In the pipeline the filtering part comprises:
- Applying the decay to existing heat map (heat_map_old)
- Detect positive and create a new heat_map
- Filter the new heat map so that only the high confidence regions (valid_data) remain
- Get the centroids, rectangles and areas of those regions
- Given these regions valid_data eliminate false positives from the new heat map
- Filter the new heat_map again but now keeping all the detected areas
- Add the detected areas to the old heat map (heat_map_old) in a ratio of 20% to 80%
- From the updated old heat map (heat_map_old) filter the high confidence regions and use them to identify positive vehicles in the image.
decay = 0.05
#apply decay to the heat_map
process_image.heat_map_old = process_image.heat_map_old*(1-decay)
#get heat_map
heat_map = get_heat_map(img,process_image.rectangles,process_image.car_detector,heat_increment)
#filter the heat map to get rid of false positives
filtered_heat_map = filter_heat_map(heat_map,th_ratio=0.5)
valid_data = get_detected(filtered_heat_map,area_th = 1000,heat_th=heat_thres)
#now that we know the location of valid positives
#we can use the original heat map to get the complete area and filter out false positives
filtered_heat_map = filter_heat_map(heat_map,th_ratio=0.05)
data = get_detected(filtered_heat_map,area_th = 1000,heat_th=heat_thres)
posit_data = filter_by_location(data, valid_data)
#now we create a new filtered_heat_map with the posit_data only
filtered_heat_map = create_map_from_data(img,posit_data,heat_increment=255)
process_image.heat_map_old = (filtered_heat_map*0.2 + process_image.heat_map_old*0.8)
final_data = get_detected(process_image.heat_map_old, area_th=1000, heat_th=100)
detected_car_rectangles = []
for elem in final_data:
detected_car_rectangles.append(elem[1])
The function (get_detected) that performs the merging of overlapping squares in the image uses the opencv libraries for finding contours (cv2.findContours), computing areas (cv2.contourArea(contour)) create bounding boxes (cv2.boundingRect(contour)) and calculate the centroids (cv2.moments(contour)).
def get_detected(heat_map,area_th = 20,heat_th=80):
# define a threshold for minimum area required to be a positive detection
imgray = heat_map[:,:,0]#cv2.cvtColor(heat_map,cv2.COLOR_BGR2GRAY)
ret,thresh = cv2.threshold(imgray.astype(np.uint8),heat_th,255,cv2.THRESH_BINARY)
im2, contours, hierarchy = cv2.findContours(thresh,cv2.RETR_TREE,cv2.CHAIN_APPROX_SIMPLE)
data = []
for contour in contours:
area = cv2.contourArea(contour)
if area>area_th:
x,y,w,h = cv2.boundingRect(contour)
M = cv2.moments(contour) # calculate image centroid
cx = int(M['m10']/M['m00'])
cy = int(M['m01']/M['m00'])
pt1 = (x,y)
pt2 = (x+w,y+h)
coord = [cx,cy]
rect = [pt1,pt2]
data.append((coord,rect,area))
return data
This project is working relatively well on most of the video frames.
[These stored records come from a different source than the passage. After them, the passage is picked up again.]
(* Let $X$ be a Banach space isomorphic to a uniformly convex Banach space. Then for every nonempty bounded closed convex $C\subset X$, every $\mathfrak{cm}$-nonexpansive map $T\colon C\to C$ has a fixed point.
   Context: For a bounded convex set $C$, a nonexpansive map $T\colon C\to C$ is $\mathfrak{cm}$-nonexpansive if for all $n\in\mathbb{N}$, $y\in C$ and sequences $(u_i)_{i=1}^\infty\subset C$: $\limsup_{i\to\infty}\sup_{A\subset\{1,\dots,n\}}\|\sum_{k\in A}(Tu_{i+k}-Ty)\|\le\limsup_{i\to\infty}\sup_{A\subset\{1,\dots,n\}}\|\sum_{k\in A}(u_{i+k}-y)\|$, where $\|\cdot\|$ is the norm of $X$. *)

theory Defs
  imports "HOL-Analysis.Analysis" "HOL-Library.Liminf_Limsup" "HOL-Library.Extended_Real"
begin

definition uniformly_convex :: "'b::real_normed_vector itself \<Rightarrow> bool" where
  "uniformly_convex _ \<longleftrightarrow>
     (\<forall>e>0. \<exists>d>0. \<forall>x y::'b. norm x \<le> 1 \<and> norm y \<le> 1 \<and> norm (x - y) \<ge> e
        \<longrightarrow> norm ((x + y) /\<^sub>R 2) \<le> 1 - d)"

definition linear_isomorphism :: "('a::real_normed_vector \<Rightarrow> 'b::real_normed_vector) \<Rightarrow> bool" where
  "linear_isomorphism L \<longleftrightarrow> bounded_linear L \<and> bij L \<and> bounded_linear (inv L)"

definition nonexpansive_on :: "'a::real_normed_vector set \<Rightarrow> ('a \<Rightarrow> 'a) \<Rightarrow> bool" where
  "nonexpansive_on C T \<longleftrightarrow> T ` C \<subseteq> C \<and> (\<forall>x\<in>C. \<forall>y\<in>C. norm (T x - T y) \<le> norm (x - y))"

definition cm_sup :: "nat \<Rightarrow> (nat \<Rightarrow> 'a::real_normed_vector) \<Rightarrow> 'a \<Rightarrow> nat \<Rightarrow> real" where
  "cm_sup n u y i = Max ((\<lambda>A. norm (\<Sum>k\<in>A. (u (i + k) - y))) ` Pow {1..n})"

definition cm_nonexpansive :: "'a::real_normed_vector set \<Rightarrow> ('a \<Rightarrow> 'a) \<Rightarrow> bool" where
  "cm_nonexpansive C T \<longleftrightarrow> nonexpansive_on C T \<and>
     (\<forall>n::nat. \<forall>y\<in>C. \<forall>u::nat \<Rightarrow> 'a. range u \<subseteq> C \<longrightarrow>
        limsup (\<lambda>i. ereal (cm_sup n (\<lambda>j. T (u j)) (T y) i))
          \<le> limsup (\<lambda>i. ereal (cm_sup n u y i)))"

end

theory Submission
  imports Defs "HOL-Library.Ramsey"
begin

text \<open>Uniform convexity enters through Ramsey's theorem. Given a bounded sequence and \<open>\<epsilon> > 0\<close>,
  colour the \<open>2m\<close>-subsets of an infinite index set by whether every split into two \<open>m\<close>-blocks
  has \<open>\<epsilon> m\<close>-close sums. Passing to a homogeneous infinite subset, either all disjoint
  \<open>m\<close>-blocks are close, or uniform convexity shrinks the bound on the sums of \<open>2m\<close>-blocks by a
  fixed factor; the latter cannot happen forever. Once the blocks are close, the sums of
  \<open>u k - y\<close> over finite index sets \<open>A\<close> grow at most like \<open>\<epsilon> |A|\<close>, where \<open>y \<in> C\<close> is the
  mean of one block; this survives the passage through the isomorphism. For an approximate
  fixed point sequence \<open>u\<close>, cm-nonexpansiveness then gives \<open>\<parallel>T y - y\<parallel> \<le> 2 \<epsilon>\<close>. Nesting
  the index sets as \<open>\<epsilon> \<rightarrow> 0\<close> makes these points a Cauchy sequence, and its limit is a
  fixed point.\<close>

definition convexity_modulus :: "'b::real_normed_vector itself \<Rightarrow> real \<Rightarrow> real \<Rightarrow> bool" where
  "convexity_modulus _ e d \<longleftrightarrow> (\<forall>R>0. \<forall>a b::'b. norm a \<le> R \<longrightarrow> norm b \<le> R \<longrightarrow>
     e * R \<le> norm (a - b) \<longrightarrow> norm (a + b) \<le> 2 * R * (1 - d))"

lemma convexity_modulusD:
  fixes a b :: "'b::real_normed_vector"
  assumes "convexity_modulus TYPE('b) e d"
    and "R > 0" "norm a \<le> R" "norm b \<le> R" "e * R \<le> norm (a - b)"
  shows "norm (a + b) \<le> 2 * R * (1 - d)"
  using assms unfolding convexity_modulus_def by blast

lemma uniformly_convex_scaled:
  assumes "uniformly_convex TYPE('b::real_normed_vector)" and "e > 0"
  obtains d where "0 < d" "d \<le> 1/2" "convexity_modulus TYPE('b) e d"
proof -
  from assms obtain d0 where "d0 > 0" and d0: "\<forall>x y::'b. norm x \<le> 1 \<and> norm y \<le> 1 \<and> norm (x - y) \<ge> e
        \<longrightarrow> norm ((x + y) /\<^sub>R 2) \<le> 1 - d0"
    unfolding uniformly_convex_def by blast
  have scaled: "norm (v /\<^sub>R c) = norm v / c" if "c > 0" for v :: 'b and c
    using that by (simp add: divide_inverse_commute)
  define d where "d = min d0 (1/2)"
  have "norm (a + b) \<le> 2 * R * (1 - d)"
    if "R > 0" "norm a \<le> R" "norm b \<le> R" "e * R \<le> norm (a - b)" for a b :: 'b and R
  proof -
    have "a /\<^sub>R R - b /\<^sub>R R = (a - b) /\<^sub>R R"
      by (simp add: algebra_simps)
    then have dist_scaled: "norm (a /\<^sub>R R - b /\<^sub>R R) = norm (a - b) / R"
      using scaled[OF \<open>R > 0\<close>] by metis
    have "e \<le> norm (a - b) / R"
      using that by (simp add: pos_le_divide_eq)
    then have "e \<le> norm (a /\<^sub>R R - b /\<^sub>R R)"
      unfolding dist_scaled .
    moreover have "norm (a /\<^sub>R R) \<le> 1" "norm (b /\<^sub>R R) \<le> 1"
      using that by (simp_all add: field_simps)
    moreover have mid: "(a /\<^sub>R R + b /\<^sub>R R) /\<^sub>R 2 = (a + b) /\<^sub>R (2 * R)"
      by (simp add: algebra_simps)
    ultimately have "norm ((a + b) /\<^sub>R (2 * R)) \<le> 1 - d0"
      using d0 unfolding mid[symmetric] by blast
    moreover have "norm ((a + b) /\<^sub>R (2 * R)) = norm (a + b) / (2 * R)"
      using \<open>R > 0\<close> by (intro scaled) simp
    ultimately have "norm (a + b) / (2 * R) \<le> 1 - d0"
      by linarith
    then have "norm (a + b) \<le> (1 - d0) * (2 * R)"
      using \<open>R > 0\<close> by (simp add: pos_divide_le_eq)
    also have "\<dots> \<le> 2 * R * (1 - d)"
      using \<open>R > 0\<close> by (simp add: d_def)
    finally show ?thesis .
  qed
  then have "convexity_modulus TYPE('b) e d"
    unfolding convexity_modulus_def by blast
  moreover have "0 < d" "d \<le> 1/2"
    using \<open>d0 > 0\<close> by (auto simp: d_def)
  ultimately show ?thesis
    using that by blast
qed
lemma is_phi_ode:
  assumes phi: "is_phi \<sigma> \<phi>" and \<sigma>_pos: "0 < \<sigma>"
  shows "\<phi> x \<noteq> 0"
    and "(\<phi> has_real_derivative deriv \<phi> x) (at x)"
    and "(deriv \<phi> has_real_derivative \<phi> x * (1 + 2*\<sigma> - 2*(\<phi> x)\<^sup>2)) (at x)"
    and "(deriv \<phi> x)\<^sup>2 + ((\<phi> x)\<^sup>2 - \<sigma>)\<^sup>2 = (\<phi> x)\<^sup>2"
proof -
  define H where "H p = p * (1 + 2*\<sigma> - 2*p\<^sup>2)" for p :: real
  have smooth: "smooth_fun \<phi>" and nonconst: "\<exists>a b. \<phi> a \<noteq> \<phi> b"
    and first: "\<And>s. (deriv \<phi> s)\<^sup>2 + ((\<phi> s)\<^sup>2 - \<sigma>)\<^sup>2 = (\<phi> s)\<^sup>2"
    using phi unfolding is_phi_def by auto
  note D0 = smooth_fun_DERIV(1)[OF smooth] and D1 = smooth_fun_DERIV(2)[OF smooth]
  show nonzero: "\<phi> x \<noteq> 0" for x
  proof
    assume "\<phi> x = 0"
    with first[of x] have "(deriv \<phi> x)\<^sup>2 + \<sigma>\<^sup>2 = 0" by simp
    with \<sigma>_pos show False by (simp add: add_nonneg_eq_0_iff)
  qed
  have regular: "deriv (deriv \<phi>) x = H (\<phi> x)" if "deriv \<phi> x \<noteq> 0" for x
  proof -
    define E where "E s = (deriv \<phi> s)\<^sup>2 + ((\<phi> s)\<^sup>2 - \<sigma>)\<^sup>2 - (\<phi> s)\<^sup>2" for s
    have "(E has_real_derivative 2 * deriv \<phi> x * (deriv (deriv \<phi>) x - H (\<phi> x))) (at x)"
      unfolding E_def H_def
      by (rule derivative_eq_intros D0 D1 refl | simp)+ (simp add: algebra_simps power2_eq_square)
    moreover have "E = (\<lambda>_. 0)" using first unfolding E_def by (simp add: fun_eq_iff)
    ultimately have "2 * deriv \<phi> x * (deriv (deriv \<phi>) x - H (\<phi> x)) = 0"
      using DERIV_unique DERIV_const by metis
    with that show ?thesis by simp
  qed
  \<comment> \<open>at a rest point with \<open>H(\<phi>) = 0\<close> we would have \<open>\<phi>\<^sup>2 = 1/2 + \<sigma>\<close> and \<open>\<phi>\<^sup>2 = 1/4\<close>\<close>
  have no_rest: "H (\<phi> x) \<noteq> 0" if "deriv \<phi> x = 0" for x
  proof
    assume "H (\<phi> x) = 0"
    then have sq: "2*(\<phi> x)\<^sup>2 = 1 + 2*\<sigma>" using nonzero[of x] unfolding H_def by simp
    then have half: "(\<phi> x)\<^sup>2 - \<sigma> = 1/2" by simp
    have "(\<phi> x)\<^sup>2 = ((\<phi> x)\<^sup>2 - \<sigma>)\<^sup>2" using first[of x] that by simp
    also have "\<dots> = 1/4" unfolding half by (simp add: power2_eq_square)
    finally show False using sq \<sigma>_pos by simp
  qed
  from nonconst obtain a b where "\<phi> a \<noteq> \<phi> b" by blast
  moreover have "continuous_on UNIV H" unfolding H_def by (intro continuous_intros)
  ultimately have "deriv (deriv \<phi>) x = H (\<phi> x)"
    using second_order_ode_from_first_integral[OF D0 D1 smooth_fun_DERIV(3)[OF smooth] _ regular no_rest]
    by blast
  then show "(deriv \<phi> has_real_derivative \<phi> x * (1 + 2*\<sigma> - 2*(\<phi> x)\<^sup>2)) (at x)"
    using D1[of x] unfolding H_def by simp
  show "(\<phi> has_real_derivative deriv \<phi> x) (at x)" by (rule D0)
  show "(deriv \<phi> x)\<^sup>2 + ((\<phi> x)\<^sup>2 - \<sigma>)\<^sup>2 = (\<phi> x)\<^sup>2" by (rule first)
qed

lemma xi_ode_from_phi_ode:
  fixes \<psi> p :: "real \<Rightarrow> real" and \<sigma> :: real
  assumes D0: "\<And>s. (\<psi> has_real_derivative p s) (at s)"
    and D1: "\<And>s. (p has_real_derivative \<psi> s * (1 + 2*\<sigma> - 2*(\<psi> s)\<^sup>2)) (at s)"
    and first: "\<And>s. (p s)\<^sup>2 + ((\<psi> s)\<^sup>2 - \<sigma>)\<^sup>2 = (\<psi> s)\<^sup>2"
    and nonzero: "\<And>s. \<psi> s \<noteq> 0"
  defines "X \<equiv> \<lambda>s. (\<psi> s)\<^sup>2 + \<sigma>\<^sup>2 / (\<psi> s)\<^sup>2"
    and "X1 \<equiv> \<lambda>s. 2 * \<psi> s * p s - 2 * \<sigma>\<^sup>2 * p s / (\<psi> s)^3"
  shows "xi_profile \<sigma> X X1"
proof -
  have p_sq: "(p s)\<^sup>2 = (\<psi> s)\<^sup>2 - ((\<psi> s)\<^sup>2 - \<sigma>)\<^sup>2" for s
    using first[of s] by simp
  have gap: "1 + 2*\<sigma> - X s = (p s)\<^sup>2 / (\<psi> s)\<^sup>2" for s
    unfolding X_def using p_sq[of s] nonzero[of s] by (simp add: field_simps power2_eq_square)
  have "(X has_real_derivative X1 s) (at s)" for s
    unfolding X_def X1_def
    apply (rule derivative_eq_intros D0 refl | simp add: nonzero)+
    using nonzero[of s] apply (simp add: field_simps)
    by algebra
  moreover have "(X1 has_real_derivative xi_force \<sigma> (X s)) (at s)" for s
    unfolding X_def X1_def xi_force_def
    apply (rule derivative_eq_intros D0 D1 refl | simp add: nonzero)+
    using nonzero[of s] apply (simp add: field_simps)
    using p_sq[of s] by algebra
  ultimately have "solves_xi_ode \<sigma> X X1" unfolding solves_xi_ode_def by blast
  moreover have "0 < X s \<and> X s \<le> 1 + 2*\<sigma>" for s
  proof
    show "0 < X s" unfolding X_def using nonzero[of s] by (simp add: add_pos_nonneg)
    have "0 \<le> (p s)\<^sup>2 / (\<psi> s)\<^sup>2" by simp
    then show "X s \<le> 1 + 2*\<sigma>" using gap[of s] by linarith
  qed
  moreover have "(X1 s)\<^sup>2 = 4 * ((X s)\<^sup>2 - 4*\<sigma>\<^sup>2) * (1 + 2*\<sigma> - X s)" for s
    unfolding gap unfolding X_def X1_def using nonzero[of s] apply (simp add: field_simps)
    using p_sq[of s] by algebra
  ultimately show ?thesis unfolding xi_profile_def by blast
qed

lemma xi_is_profile:
  assumes phi: "is_phi \<sigma> \<phi>" and \<sigma>_pos: "0 < \<sigma>"
  shows "\<exists>f1. xi_profile \<sigma> (xi \<sigma> \<phi> t) f1"
proof -
  note ode = is_phi_ode[OF phi \<sigma>_pos]
  have D0: "((\<lambda>s. \<phi> (s - t)) has_real_derivative deriv \<phi> (s - t)) (at s)" for s
    using DERIV_shift[of \<phi> _ s "-t"] ode(2)[of "s - t"] by simp
  have D1: "((\<lambda>s. deriv \<phi> (s - t)) has_real_derivative
              \<phi> (s - t) * (1 + 2*\<sigma> - 2*(\<phi> (s - t))\<^sup>2)) (at s)" for s
    using DERIV_shift[of "deriv \<phi>" _ s "-t"] ode(3)[of "s - t"] by simp
  have xi_eq: "xi \<sigma> \<phi> t = (\<lambda>s. (\<phi> (s - t))\<^sup>2 + \<sigma>\<^sup>2 / (\<phi> (s - t))\<^sup>2)"
    by (simp add: xi_def fun_eq_iff)
  show ?thesis unfolding xi_eq using xi_ode_from_phi_ode[OF D0 D1 ode(4) ode(1)] by blast
qed

lemma gronwall_forward:
  fixes w w' :: "real \<Rightarrow> real"
  assumes Dw: "\<And>y. (w has_real_derivative w' y) (at y)"
    and growth: "\<And>y. w' y \<le> L * w y + c" and L_pos: "0 < L" and x_nonneg: "0 \<le> x"
  shows "w x + c / L \<le> (w 0 + c / L) * exp (L * x)"
proof -
  define h where "h y = (w y + c / L) * exp (- L * y)" for y
  have "h x \<le> h 0"
  proof (rule DERIV_nonpos_imp_nonincreasing[OF x_nonneg])
    fix y
    have "(h has_real_derivative (w' y - L * w y - c) * exp (- L * y)) (at y)"
      unfolding h_def
      by (rule derivative_eq_intros Dw refl | simp)+ (use L_pos in \<open>simp add: field_simps\<close>)
    moreover have "(w' y - L * w y - c) * exp (- L * y) \<le> 0"
      using growth[of y] by (simp add: mult_nonpos_nonneg)
    ultimately show "\<exists>d. (h has_real_derivative d) (at y) \<and> d \<le> 0" by blast
  qed
  then show ?thesis unfolding h_def by (simp add: exp_minus field_simps)
qed

text \<open>Two-sided Gronwall estimate, obtained from the forward one by time reversal.\<close>
lemma gronwall_two_sided:
  fixes w w' :: "real \<Rightarrow> real"
  assumes Dw: "\<And>y. (w has_real_derivative w' y) (at y)"
    and growth: "\<And>y. \<bar>w' y\<bar> \<le> L * w y + c" and L_pos: "0 < L"
  shows "w x + c / L \<le> (w 0 + c / L) * exp (L * \<bar>x\<bar>)"
proof (cases "0 \<le> x")
  case True
  show ?thesis
    using gronwall_forward[OF Dw _ L_pos True] growth True by (simp add: abs_le_iff)
next
  case False
  have "((\<lambda>y. w (- y)) has_real_derivative - w' (- y)) (at y)" for y
    using DERIV_mirror Dw by blast
  from gronwall_forward[OF this _ L_pos, of c "- x"] growth False
  show ?thesis by (simp add: abs_le_iff)
qed

lemma second_order_comparison:
  fixes f f1 g g1 F G :: "real \<Rightarrow> real" and S :: "real set"
  assumes df: "\<And>x. (f has_real_derivative f1 x) (at x)"
      and df1: "\<And>x. (f1 has_real_derivative F (f x)) (at x)"
      and dg: "\<And>x. (g has_real_derivative g1 x) (at x)"
      and dg1: "\<And>x. (g1 has_real_derivative G (g x)) (at x)"
      and f_S: "\<And>x. f x \<in> S" and g_S: "\<And>x. g x \<in> S"
      and close: "\<And>y. y \<in> S \<Longrightarrow> \<bar>F y - G y\<bar> \<le> \<delta>"
      and lip: "\<And>y z. y \<in> S \<Longrightarrow> z \<in> S \<Longrightarrow> \<bar>G y - G z\<bar> \<le> L * \<bar>y - z\<bar>"
      and L_nonneg: "0 \<le> L"
  shows "(f x - g x)\<^sup>2 + (f1 x - g1 x)\<^sup>2
           \<le> ((f 0 - g 0)\<^sup>2 + (f1 0 - g1 0)\<^sup>2 + \<delta>\<^sup>2 / (L + 2)) * exp ((L + 2) * \<bar>x\<bar>)"
proof -
  define w where "w y = (f y - g y)\<^sup>2 + (f1 y - g1 y)\<^sup>2" for y
  define w' where "w' y = 2*(f y - g y)*(f1 y - g1 y) + 2*(f1 y - g1 y)*(F (f y) - G (g y))" for y
  have Dw: "(w has_real_derivative w' y) (at y)" for y
    unfolding w_def w'_def
    by (rule derivative_eq_intros df df1 dg dg1 refl | simp)+ (simp add: algebra_simps)
  have growth: "\<bar>w' y\<bar> \<le> (L + 2) * w y + \<delta>\<^sup>2" for y
  proof -
    define e e1 D where "e = f y - g y" and "e1 = f1 y - g1 y" and "D = F (f y) - G (g y)"
    have "\<bar>D\<bar> \<le> \<bar>F (f y) - G (f y)\<bar> + \<bar>G (f y) - G (g y)\<bar>" unfolding D_def by linarith
    also have "\<dots> \<le> \<delta> + L * \<bar>e\<bar>" unfolding e_def using close lip f_S g_S by (meson add_mono)
    finally have D_bound: "\<bar>D\<bar> \<le> \<delta> + L * \<bar>e\<bar>" .
    have "\<bar>w' y\<bar> \<le> 2*\<bar>e\<bar>*\<bar>e1\<bar> + 2*\<bar>e1\<bar>*\<bar>D\<bar>"
      unfolding w'_def e_def[symmetric] e1_def[symmetric] D_def[symmetric]
      by (simp add: abs_mult abs_triangle_ineq[THEN order_trans])
    also have "\<dots> \<le> 2*\<bar>e\<bar>*\<bar>e1\<bar> + 2*\<bar>e1\<bar>*(\<delta> + L * \<bar>e\<bar>)"
      using D_bound by (simp add: mult_left_mono)
    also have "\<dots> = (1 + L) * (2*\<bar>e\<bar>*\<bar>e1\<bar>) + 2*\<bar>e1\<bar>*\<delta>" by (simp add: algebra_simps)
    also have "\<dots> \<le> (1 + L) * (e\<^sup>2 + e1\<^sup>2) + (e1\<^sup>2 + \<delta>\<^sup>2)"
    proof (rule add_mono)
      show "(1 + L) * (2*\<bar>e\<bar>*\<bar>e1\<bar>) \<le> (1 + L) * (e\<^sup>2 + e1\<^sup>2)"
        using sum_squares_bound[of "\<bar>e\<bar>" "\<bar>e1\<bar>"] L_nonneg by (simp add: mult_left_mono)
      have "2*\<bar>e1\<bar>*\<delta> \<le> 2*\<bar>e1\<bar>*\<bar>\<delta>\<bar>" by (simp add: mult_left_mono)
      then show "2*\<bar>e1\<bar>*\<delta> \<le> e1\<^sup>2 + \<delta>\<^sup>2"
        using sum_squares_bound[of "\<bar>e1\<bar>" "\<bar>\<delta>\<bar>"] by simp
    qed
    also have "\<dots> \<le> (L + 2) * w y + \<delta>\<^sup>2"
      unfolding w_def e_def[symmetric] e1_def[symmetric] by (simp add: algebra_simps)
    finally show ?thesis .
  qed
  have "w x \<le> w x + \<delta>\<^sup>2 / (L + 2)" using L_nonneg by simp
  also have "\<dots> \<le> (w 0 + \<delta>\<^sup>2 / (L + 2)) * exp ((L + 2) * \<bar>x\<bar>)"
    using gronwall_two_sided[OF Dw growth] L_nonneg by simp
  finally show ?thesis unfolding w_def .
qed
There are very few number of false positives and for really close cars it performs the detection very accurately. There is still plenty room to improve on several aspects, though. I soon realized that the bottleneck was in the feature extraction methods. Depending on the methods you chose you may compromise no only the quality but also the computation time required for classification.
I tried to accomplish good quality results by investigating the performance of several extraction methods and configuration parameters and I also addressed the computational time by profiling up to 30 different combinations of feature extraction methods.
In the end I chose a HSV color space in conjunction with spatial, histogram and hog (on V channel) feature extractions as the preferred choice, yielding 99% accuracy on the test set with a quite low time for feature extraction in comparison to similar performing methods.
I didn't try to use other classifiers as this one was already performing quite well and quite fast for this dataset. But that's certainly something worth trying, especially if using a larger dataset.
On the filters, including managing and keeping the heat map, a lot was done, but it could be better tuned and maybe smoothed by making use of the area and centroid information we already have. This is definitely a piece of work to be refined in future work.